What the task asks: Sort through the entries below and pull out lines containing the word "else".

Data shown:
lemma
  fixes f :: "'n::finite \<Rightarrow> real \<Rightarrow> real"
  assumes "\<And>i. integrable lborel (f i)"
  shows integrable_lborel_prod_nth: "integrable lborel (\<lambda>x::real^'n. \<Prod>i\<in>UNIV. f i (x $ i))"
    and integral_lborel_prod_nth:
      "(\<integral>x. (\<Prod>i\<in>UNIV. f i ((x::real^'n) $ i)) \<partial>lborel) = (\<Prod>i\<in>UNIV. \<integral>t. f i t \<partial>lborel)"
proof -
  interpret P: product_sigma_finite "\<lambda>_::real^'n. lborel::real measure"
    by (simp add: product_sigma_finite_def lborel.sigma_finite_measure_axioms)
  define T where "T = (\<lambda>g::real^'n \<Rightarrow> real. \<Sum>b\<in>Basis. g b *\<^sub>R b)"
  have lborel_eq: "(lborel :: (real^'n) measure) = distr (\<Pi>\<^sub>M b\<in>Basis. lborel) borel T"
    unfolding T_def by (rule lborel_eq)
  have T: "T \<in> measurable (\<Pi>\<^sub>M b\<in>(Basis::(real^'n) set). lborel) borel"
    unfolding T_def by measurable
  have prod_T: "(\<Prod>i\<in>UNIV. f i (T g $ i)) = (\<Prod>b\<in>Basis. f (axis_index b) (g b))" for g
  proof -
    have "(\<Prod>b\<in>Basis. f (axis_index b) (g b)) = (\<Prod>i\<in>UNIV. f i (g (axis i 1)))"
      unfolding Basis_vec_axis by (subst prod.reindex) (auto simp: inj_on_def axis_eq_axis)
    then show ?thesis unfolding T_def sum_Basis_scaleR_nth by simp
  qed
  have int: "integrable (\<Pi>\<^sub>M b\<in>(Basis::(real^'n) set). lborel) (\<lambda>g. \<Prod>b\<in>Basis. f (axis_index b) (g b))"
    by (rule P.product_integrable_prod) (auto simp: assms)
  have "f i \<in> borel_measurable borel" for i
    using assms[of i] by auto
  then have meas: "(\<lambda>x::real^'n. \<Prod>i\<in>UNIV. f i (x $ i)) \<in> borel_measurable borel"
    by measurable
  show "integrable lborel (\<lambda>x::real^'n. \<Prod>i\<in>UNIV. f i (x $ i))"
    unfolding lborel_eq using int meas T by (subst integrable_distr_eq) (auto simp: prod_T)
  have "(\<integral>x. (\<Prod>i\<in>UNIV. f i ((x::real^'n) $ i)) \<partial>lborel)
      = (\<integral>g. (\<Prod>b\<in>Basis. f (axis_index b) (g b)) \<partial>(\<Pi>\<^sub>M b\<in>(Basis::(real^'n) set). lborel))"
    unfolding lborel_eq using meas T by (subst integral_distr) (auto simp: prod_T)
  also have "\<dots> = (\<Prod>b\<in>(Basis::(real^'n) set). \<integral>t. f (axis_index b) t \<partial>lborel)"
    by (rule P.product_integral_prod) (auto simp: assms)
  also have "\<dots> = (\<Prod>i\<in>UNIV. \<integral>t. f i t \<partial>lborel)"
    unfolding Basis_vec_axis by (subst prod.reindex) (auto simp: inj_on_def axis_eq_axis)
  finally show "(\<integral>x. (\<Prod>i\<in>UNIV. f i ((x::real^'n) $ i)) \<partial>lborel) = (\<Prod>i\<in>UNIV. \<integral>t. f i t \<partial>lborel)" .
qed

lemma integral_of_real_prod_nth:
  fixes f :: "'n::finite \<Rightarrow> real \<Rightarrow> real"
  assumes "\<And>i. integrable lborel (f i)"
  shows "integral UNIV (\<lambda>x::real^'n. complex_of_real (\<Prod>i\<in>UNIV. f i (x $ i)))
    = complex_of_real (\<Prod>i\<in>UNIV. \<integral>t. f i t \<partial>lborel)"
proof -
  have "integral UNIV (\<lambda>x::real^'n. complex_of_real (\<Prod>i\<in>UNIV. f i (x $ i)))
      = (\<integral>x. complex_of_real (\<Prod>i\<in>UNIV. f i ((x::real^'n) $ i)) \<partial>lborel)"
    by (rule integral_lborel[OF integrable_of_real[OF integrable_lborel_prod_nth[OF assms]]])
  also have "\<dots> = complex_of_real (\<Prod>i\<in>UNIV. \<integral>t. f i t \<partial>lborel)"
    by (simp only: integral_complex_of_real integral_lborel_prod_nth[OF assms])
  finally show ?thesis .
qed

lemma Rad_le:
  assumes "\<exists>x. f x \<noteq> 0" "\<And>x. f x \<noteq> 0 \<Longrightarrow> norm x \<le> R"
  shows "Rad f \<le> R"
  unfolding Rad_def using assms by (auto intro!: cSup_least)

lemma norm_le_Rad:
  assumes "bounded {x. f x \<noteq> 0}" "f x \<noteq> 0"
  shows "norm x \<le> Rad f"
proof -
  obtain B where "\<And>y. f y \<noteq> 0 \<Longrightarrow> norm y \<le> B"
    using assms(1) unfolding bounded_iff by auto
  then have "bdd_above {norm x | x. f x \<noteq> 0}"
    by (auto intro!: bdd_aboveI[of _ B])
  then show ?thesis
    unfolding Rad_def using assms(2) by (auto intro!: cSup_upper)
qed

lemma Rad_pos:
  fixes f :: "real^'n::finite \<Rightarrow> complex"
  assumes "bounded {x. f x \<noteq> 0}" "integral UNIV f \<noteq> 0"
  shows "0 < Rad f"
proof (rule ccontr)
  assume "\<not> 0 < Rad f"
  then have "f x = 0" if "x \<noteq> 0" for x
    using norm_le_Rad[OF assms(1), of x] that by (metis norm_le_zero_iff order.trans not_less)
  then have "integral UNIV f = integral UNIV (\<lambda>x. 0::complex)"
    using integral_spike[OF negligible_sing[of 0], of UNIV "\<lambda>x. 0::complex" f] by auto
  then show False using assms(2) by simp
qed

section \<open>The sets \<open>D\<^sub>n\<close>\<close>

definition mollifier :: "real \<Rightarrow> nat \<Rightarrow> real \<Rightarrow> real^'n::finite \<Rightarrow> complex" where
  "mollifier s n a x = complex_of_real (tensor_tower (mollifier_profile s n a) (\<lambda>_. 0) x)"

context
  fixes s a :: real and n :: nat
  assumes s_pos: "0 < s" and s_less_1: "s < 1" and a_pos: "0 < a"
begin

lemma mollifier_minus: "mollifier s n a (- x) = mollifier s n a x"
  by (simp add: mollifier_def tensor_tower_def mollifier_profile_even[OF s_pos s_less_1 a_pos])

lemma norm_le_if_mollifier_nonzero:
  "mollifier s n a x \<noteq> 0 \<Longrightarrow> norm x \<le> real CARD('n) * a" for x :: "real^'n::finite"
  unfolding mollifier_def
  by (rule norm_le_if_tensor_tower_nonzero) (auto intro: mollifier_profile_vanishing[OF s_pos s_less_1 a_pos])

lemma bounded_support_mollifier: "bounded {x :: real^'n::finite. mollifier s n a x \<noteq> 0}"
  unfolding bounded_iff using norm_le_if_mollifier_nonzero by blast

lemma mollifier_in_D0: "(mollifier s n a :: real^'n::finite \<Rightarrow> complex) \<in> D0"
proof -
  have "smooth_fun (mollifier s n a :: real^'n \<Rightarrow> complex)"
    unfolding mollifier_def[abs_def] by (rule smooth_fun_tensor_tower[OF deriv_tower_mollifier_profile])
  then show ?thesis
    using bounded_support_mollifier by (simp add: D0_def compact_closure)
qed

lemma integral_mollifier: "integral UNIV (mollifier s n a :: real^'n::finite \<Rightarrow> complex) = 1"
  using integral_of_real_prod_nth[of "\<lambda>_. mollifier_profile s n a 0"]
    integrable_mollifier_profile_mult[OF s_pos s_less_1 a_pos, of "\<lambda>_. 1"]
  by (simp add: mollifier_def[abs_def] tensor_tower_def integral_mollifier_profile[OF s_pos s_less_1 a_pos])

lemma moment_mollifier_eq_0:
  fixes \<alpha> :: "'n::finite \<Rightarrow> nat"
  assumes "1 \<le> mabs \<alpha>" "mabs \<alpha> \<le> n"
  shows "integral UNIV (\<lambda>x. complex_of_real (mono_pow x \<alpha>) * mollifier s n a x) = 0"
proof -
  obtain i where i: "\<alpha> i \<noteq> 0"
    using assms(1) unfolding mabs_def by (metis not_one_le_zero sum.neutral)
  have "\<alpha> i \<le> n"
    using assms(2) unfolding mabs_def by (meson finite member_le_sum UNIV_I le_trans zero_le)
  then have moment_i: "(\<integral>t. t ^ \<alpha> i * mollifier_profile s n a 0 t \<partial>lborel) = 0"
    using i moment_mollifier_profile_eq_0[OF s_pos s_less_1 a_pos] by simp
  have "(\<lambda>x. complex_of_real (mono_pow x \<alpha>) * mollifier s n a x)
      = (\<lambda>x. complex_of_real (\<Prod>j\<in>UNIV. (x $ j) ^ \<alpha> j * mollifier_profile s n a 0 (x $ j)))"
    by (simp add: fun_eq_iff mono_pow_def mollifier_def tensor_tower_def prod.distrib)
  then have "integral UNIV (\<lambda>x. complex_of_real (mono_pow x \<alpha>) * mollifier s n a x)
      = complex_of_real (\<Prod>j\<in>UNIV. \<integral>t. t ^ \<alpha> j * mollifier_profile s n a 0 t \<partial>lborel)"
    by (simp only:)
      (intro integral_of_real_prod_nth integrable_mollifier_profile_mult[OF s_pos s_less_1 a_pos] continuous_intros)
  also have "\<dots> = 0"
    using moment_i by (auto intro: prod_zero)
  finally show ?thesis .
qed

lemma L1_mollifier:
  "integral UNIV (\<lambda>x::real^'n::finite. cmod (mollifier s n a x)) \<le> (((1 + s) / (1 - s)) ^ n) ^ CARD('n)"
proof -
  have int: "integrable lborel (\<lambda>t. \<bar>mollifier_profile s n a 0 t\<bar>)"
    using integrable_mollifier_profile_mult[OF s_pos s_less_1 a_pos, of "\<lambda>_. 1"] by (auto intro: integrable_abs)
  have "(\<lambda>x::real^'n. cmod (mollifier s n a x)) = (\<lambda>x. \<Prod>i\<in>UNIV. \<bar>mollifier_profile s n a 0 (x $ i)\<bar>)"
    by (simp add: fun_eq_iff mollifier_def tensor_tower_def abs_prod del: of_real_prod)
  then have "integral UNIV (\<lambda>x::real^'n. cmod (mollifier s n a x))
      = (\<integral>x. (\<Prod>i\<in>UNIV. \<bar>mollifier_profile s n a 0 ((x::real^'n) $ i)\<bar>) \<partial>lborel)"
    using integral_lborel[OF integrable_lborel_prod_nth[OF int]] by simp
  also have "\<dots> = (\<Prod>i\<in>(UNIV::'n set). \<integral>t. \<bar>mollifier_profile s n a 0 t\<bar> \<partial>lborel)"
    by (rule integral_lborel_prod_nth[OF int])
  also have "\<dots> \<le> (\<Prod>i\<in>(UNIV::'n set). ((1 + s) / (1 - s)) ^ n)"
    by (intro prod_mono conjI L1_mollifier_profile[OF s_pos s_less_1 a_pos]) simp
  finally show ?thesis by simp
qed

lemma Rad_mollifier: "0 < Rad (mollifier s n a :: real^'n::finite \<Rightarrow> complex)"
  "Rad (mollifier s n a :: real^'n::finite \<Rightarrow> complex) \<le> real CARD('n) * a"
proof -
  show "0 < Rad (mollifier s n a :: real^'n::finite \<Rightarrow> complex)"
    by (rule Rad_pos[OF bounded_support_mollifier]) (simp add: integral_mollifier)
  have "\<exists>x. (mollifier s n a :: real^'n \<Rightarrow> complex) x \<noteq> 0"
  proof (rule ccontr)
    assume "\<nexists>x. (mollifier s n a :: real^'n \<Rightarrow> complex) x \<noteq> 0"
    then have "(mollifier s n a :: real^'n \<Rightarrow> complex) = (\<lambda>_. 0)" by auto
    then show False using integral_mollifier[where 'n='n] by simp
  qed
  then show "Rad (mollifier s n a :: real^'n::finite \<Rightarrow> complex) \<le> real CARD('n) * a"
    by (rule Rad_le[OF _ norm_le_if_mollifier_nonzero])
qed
--
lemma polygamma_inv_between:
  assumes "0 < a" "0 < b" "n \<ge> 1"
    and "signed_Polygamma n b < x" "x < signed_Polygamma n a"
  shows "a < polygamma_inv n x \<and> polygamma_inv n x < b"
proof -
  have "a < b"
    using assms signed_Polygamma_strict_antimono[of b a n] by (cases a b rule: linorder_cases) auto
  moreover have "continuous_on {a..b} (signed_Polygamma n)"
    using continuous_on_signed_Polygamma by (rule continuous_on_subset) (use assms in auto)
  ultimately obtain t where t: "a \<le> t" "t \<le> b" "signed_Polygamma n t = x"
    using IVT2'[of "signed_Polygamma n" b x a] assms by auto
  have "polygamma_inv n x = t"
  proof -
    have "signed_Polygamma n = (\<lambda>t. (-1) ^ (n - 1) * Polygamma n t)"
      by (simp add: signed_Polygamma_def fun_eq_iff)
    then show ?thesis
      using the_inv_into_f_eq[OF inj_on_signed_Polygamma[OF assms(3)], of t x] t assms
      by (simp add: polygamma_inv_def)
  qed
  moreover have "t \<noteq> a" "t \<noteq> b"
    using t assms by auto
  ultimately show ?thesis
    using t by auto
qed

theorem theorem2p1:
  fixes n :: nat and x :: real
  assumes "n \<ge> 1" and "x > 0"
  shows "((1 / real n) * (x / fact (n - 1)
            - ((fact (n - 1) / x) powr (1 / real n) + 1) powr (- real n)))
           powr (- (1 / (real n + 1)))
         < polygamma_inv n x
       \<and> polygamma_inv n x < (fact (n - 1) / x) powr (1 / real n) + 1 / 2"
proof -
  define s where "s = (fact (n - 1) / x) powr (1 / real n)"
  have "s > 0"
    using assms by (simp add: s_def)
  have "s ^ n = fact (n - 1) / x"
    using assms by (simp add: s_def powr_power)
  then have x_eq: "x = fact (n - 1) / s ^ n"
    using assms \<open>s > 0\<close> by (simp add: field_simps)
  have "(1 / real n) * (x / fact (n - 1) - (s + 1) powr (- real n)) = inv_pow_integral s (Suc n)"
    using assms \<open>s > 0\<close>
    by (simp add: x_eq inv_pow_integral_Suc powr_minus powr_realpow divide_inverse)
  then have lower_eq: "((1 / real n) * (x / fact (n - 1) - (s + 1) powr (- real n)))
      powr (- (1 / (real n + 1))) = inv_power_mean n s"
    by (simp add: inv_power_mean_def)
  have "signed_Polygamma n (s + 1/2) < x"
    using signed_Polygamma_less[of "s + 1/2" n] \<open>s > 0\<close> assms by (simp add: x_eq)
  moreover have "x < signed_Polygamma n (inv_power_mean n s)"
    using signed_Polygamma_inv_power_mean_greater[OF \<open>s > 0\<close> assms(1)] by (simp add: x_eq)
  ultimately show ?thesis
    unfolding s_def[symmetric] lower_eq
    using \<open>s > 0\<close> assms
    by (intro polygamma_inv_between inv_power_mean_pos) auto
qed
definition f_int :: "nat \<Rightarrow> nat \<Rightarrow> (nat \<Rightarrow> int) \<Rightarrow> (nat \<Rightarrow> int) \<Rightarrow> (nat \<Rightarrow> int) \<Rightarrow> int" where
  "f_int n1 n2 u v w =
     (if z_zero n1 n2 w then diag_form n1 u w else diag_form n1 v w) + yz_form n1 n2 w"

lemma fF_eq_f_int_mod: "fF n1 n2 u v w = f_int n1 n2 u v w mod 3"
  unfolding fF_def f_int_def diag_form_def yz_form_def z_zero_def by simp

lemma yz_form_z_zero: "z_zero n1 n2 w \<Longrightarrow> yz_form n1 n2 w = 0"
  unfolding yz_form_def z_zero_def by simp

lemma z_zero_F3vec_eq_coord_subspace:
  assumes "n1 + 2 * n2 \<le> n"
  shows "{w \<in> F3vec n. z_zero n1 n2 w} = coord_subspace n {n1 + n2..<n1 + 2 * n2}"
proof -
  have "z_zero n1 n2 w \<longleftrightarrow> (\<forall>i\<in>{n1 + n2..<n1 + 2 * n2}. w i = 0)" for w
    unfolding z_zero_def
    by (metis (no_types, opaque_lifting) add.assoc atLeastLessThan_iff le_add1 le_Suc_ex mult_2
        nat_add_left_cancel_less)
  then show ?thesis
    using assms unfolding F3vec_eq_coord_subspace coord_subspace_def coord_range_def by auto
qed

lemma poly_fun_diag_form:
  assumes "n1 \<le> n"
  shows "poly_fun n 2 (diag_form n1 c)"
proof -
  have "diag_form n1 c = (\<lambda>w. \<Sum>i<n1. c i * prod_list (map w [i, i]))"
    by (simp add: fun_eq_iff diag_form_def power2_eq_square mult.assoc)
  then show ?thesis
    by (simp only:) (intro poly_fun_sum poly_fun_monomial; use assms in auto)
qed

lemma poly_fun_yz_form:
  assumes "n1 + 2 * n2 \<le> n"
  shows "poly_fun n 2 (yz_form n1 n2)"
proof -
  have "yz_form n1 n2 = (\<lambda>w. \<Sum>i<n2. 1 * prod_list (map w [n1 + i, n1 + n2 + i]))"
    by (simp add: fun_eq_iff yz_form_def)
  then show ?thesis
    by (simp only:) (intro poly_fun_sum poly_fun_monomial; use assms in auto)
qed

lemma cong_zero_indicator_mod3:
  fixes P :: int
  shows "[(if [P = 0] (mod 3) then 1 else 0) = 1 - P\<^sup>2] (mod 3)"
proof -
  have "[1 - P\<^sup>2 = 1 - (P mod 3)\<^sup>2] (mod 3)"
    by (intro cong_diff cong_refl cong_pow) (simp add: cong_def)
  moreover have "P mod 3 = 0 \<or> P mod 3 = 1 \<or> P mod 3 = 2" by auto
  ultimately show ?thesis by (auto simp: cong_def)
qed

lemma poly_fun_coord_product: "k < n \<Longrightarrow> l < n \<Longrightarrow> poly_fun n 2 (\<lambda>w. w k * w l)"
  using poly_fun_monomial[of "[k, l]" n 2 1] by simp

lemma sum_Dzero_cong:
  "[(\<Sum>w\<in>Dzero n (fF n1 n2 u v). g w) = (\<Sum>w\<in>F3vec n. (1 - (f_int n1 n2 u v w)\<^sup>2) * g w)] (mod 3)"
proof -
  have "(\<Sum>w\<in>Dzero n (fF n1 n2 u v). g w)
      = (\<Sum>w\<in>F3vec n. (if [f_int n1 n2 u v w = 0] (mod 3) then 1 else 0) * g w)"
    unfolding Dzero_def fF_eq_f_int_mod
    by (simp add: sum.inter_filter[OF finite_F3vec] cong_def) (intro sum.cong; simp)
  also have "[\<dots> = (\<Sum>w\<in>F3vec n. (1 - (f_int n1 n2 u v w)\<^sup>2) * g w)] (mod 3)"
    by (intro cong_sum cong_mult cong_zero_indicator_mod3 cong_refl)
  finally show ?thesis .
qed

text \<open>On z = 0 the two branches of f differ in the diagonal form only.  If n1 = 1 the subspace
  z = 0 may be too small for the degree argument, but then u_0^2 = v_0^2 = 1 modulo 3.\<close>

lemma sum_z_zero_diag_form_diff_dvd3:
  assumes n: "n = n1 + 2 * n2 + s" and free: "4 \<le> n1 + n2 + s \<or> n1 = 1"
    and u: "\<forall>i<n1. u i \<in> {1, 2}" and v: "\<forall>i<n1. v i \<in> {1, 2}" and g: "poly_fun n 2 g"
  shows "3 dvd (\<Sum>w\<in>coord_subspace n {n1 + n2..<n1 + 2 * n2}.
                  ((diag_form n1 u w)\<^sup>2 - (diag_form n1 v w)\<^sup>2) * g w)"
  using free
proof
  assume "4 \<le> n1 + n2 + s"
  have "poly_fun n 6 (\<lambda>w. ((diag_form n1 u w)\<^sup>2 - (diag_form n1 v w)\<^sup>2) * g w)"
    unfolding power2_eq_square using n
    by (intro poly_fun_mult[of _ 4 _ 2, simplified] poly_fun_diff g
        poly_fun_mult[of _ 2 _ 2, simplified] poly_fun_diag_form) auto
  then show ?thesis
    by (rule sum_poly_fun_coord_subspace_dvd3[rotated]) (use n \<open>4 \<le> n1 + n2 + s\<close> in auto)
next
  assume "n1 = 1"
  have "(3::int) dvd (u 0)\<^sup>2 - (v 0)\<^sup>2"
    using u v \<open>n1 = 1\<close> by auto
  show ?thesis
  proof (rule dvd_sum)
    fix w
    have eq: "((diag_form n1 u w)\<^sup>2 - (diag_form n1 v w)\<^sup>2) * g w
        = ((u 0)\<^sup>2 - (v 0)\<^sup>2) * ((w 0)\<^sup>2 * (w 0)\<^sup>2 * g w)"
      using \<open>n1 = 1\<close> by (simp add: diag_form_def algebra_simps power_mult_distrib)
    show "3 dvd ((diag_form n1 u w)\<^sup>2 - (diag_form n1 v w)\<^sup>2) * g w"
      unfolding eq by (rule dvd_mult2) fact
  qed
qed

Solution for this exercise:
     (if z_zero n1 n2 w then diag_form n1 u w else diag_form n1 v w) + yz_form n1 n2 w"
  shows "[(if [P = 0] (mod 3) then 1 else 0) = 1 - P\<^sup>2] (mod 3)"
      = (\<Sum>w\<in>F3vec n. (if [f_int n1 n2 u v w = 0] (mod 3) then 1 else 0) * g w)"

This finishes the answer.